▸ Aim of the exercise:
Start the output with the opening line of the listing below and continue, reproducing each line exactly, up to and including the line that contains "assms(1)] by blast".

********

lemma gverts_display_graph: "gverts (display_graph P) = (\<Union>T\<in>P. gverts T)"
  by (simp add: display_graph_def gverts_def)

lemma gedges_display_graph: "gedges (display_graph P) = (\<Union>T\<in>P. gedges T)"
  by (simp add: display_graph_def gedges_def)

lemma profile_wf_graph: "profile P \<Longrightarrow> T \<in> P \<Longrightarrow> wf_graph T"
  unfolding profile_def phylo_tree_def is_tree_def by blast

lemma profile_gverts_nonempty: "profile P \<Longrightarrow> T \<in> P \<Longrightarrow> gverts T \<noteq> {}"
  unfolding profile_def phylo_tree_def is_tree_def connected_graph_def by blast

lemma wf_graph_display_graph:
  assumes "profile P"
  shows "wf_graph (display_graph P)"
  unfolding wf_graph_def gverts_display_graph gedges_display_graph
proof (intro conjI ballI)
  show "finite (\<Union>T\<in>P. gverts T)"
    using assms profile_wf_graph[OF assms] unfolding profile_def wf_graph_def by blast
next
  fix e assume "e \<in> (\<Union>T\<in>P. gedges T)"
  then obtain T where "T \<in> P" "e \<in> gedges T" by blast
  note edge = wf_graph_edge[OF profile_wf_graph[OF assms \<open>T \<in> P\<close>] \<open>e \<in> gedges T\<close>]
  show "card e = 2" by (rule edge(1))
  show "e \<subseteq> (\<Union>T\<in>P. gverts T)" using edge(2) \<open>T \<in> P\<close> by blast
qed

lemma common_endpoint_iff_Inc:
  assumes "wf_graph T" "gverts T \<noteq> {}" "F \<subseteq> gedges (display_graph P)"
  shows "(\<exists>u. \<forall>e\<in>F \<inter> gedges T. u \<in> e) \<longleftrightarrow> (\<exists>u\<in>gverts T. F \<inter> gedges T \<subseteq> Inc P u)"
proof
  assume "\<exists>u. \<forall>e\<in>F \<inter> gedges T. u \<in> e"
  then obtain u where u: "\<forall>e\<in>F \<inter> gedges T. u \<in> e" by blast
  show "\<exists>u\<in>gverts T. F \<inter> gedges T \<subseteq> Inc P u"
  proof (cases "F \<inter> gedges T = {}")
    case True
    then show ?thesis using assms(2) by auto
  next
    case False
    then have "u \<in> gverts T" using u wf_graph_edge(2)[OF assms(1)] by blast
    moreover have "F \<inter> gedges T \<subseteq> Inc P u" using u assms(3) by (auto simp: Inc_def)
    ultimately show ?thesis by blast
  qed
qed (auto simp: Inc_def)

********

▸ Written response:
lemma gverts_display_graph: "gverts (display_graph P) = (\<Union>T\<in>P. gverts T)"
  by (simp add: display_graph_def gverts_def)

lemma gedges_display_graph: "gedges (display_graph P) = (\<Union>T\<in>P. gedges T)"
  by (simp add: display_graph_def gedges_def)

lemma profile_wf_graph: "profile P \<Longrightarrow> T \<in> P \<Longrightarrow> wf_graph T"
  unfolding profile_def phylo_tree_def is_tree_def by blast

lemma profile_gverts_nonempty: "profile P \<Longrightarrow> T \<in> P \<Longrightarrow> gverts T \<noteq> {}"
  unfolding profile_def phylo_tree_def is_tree_def connected_graph_def by blast

lemma wf_graph_display_graph:
  assumes "profile P"
  shows "wf_graph (display_graph P)"
  unfolding wf_graph_def gverts_display_graph gedges_display_graph
proof (intro conjI ballI)
  show "finite (\<Union>T\<in>P. gverts T)"
    using assms profile_wf_graph[OF assms] unfolding profile_def wf_graph_def by blast
next
  fix e assume "e \<in> (\<Union>T\<in>P. gedges T)"
  then obtain T where "T \<in> P" "e \<in> gedges T" by blast
  note edge = wf_graph_edge[OF profile_wf_graph[OF assms \<open>T \<in> P\<close>] \<open>e \<in> gedges T\<close>]
  show "card e = 2" by (rule edge(1))
  show "e \<subseteq> (\<Union>T\<in>P. gverts T)" using edge(2) \<open>T \<in> P\<close> by blast
qed

lemma common_endpoint_iff_Inc:
  assumes "wf_graph T" "gverts T \<noteq> {}" "F \<subseteq> gedges (display_graph P)"
  shows "(\<exists>u. \<forall>e\<in>F \<inter> gedges T. u \<in> e) \<longleftrightarrow> (\<exists>u\<in>gverts T. F \<inter> gedges T \<subseteq> Inc P u)"
proof
  assume "\<exists>u. \<forall>e\<in>F \<inter> gedges T. u \<in> e"
  then obtain u where u: "\<forall>e\<in>F \<inter> gedges T. u \<in> e" by blast
  show "\<exists>u\<in>gverts T. F \<inter> gedges T \<subseteq> Inc P u"
  proof (cases "F \<inter> gedges T = {}")
    case True
    then show ?thesis using assms(2) by auto
  next
    case False
    then have "u \<in> gverts T" using u wf_graph_edge(2)[OF assms(1)] by blast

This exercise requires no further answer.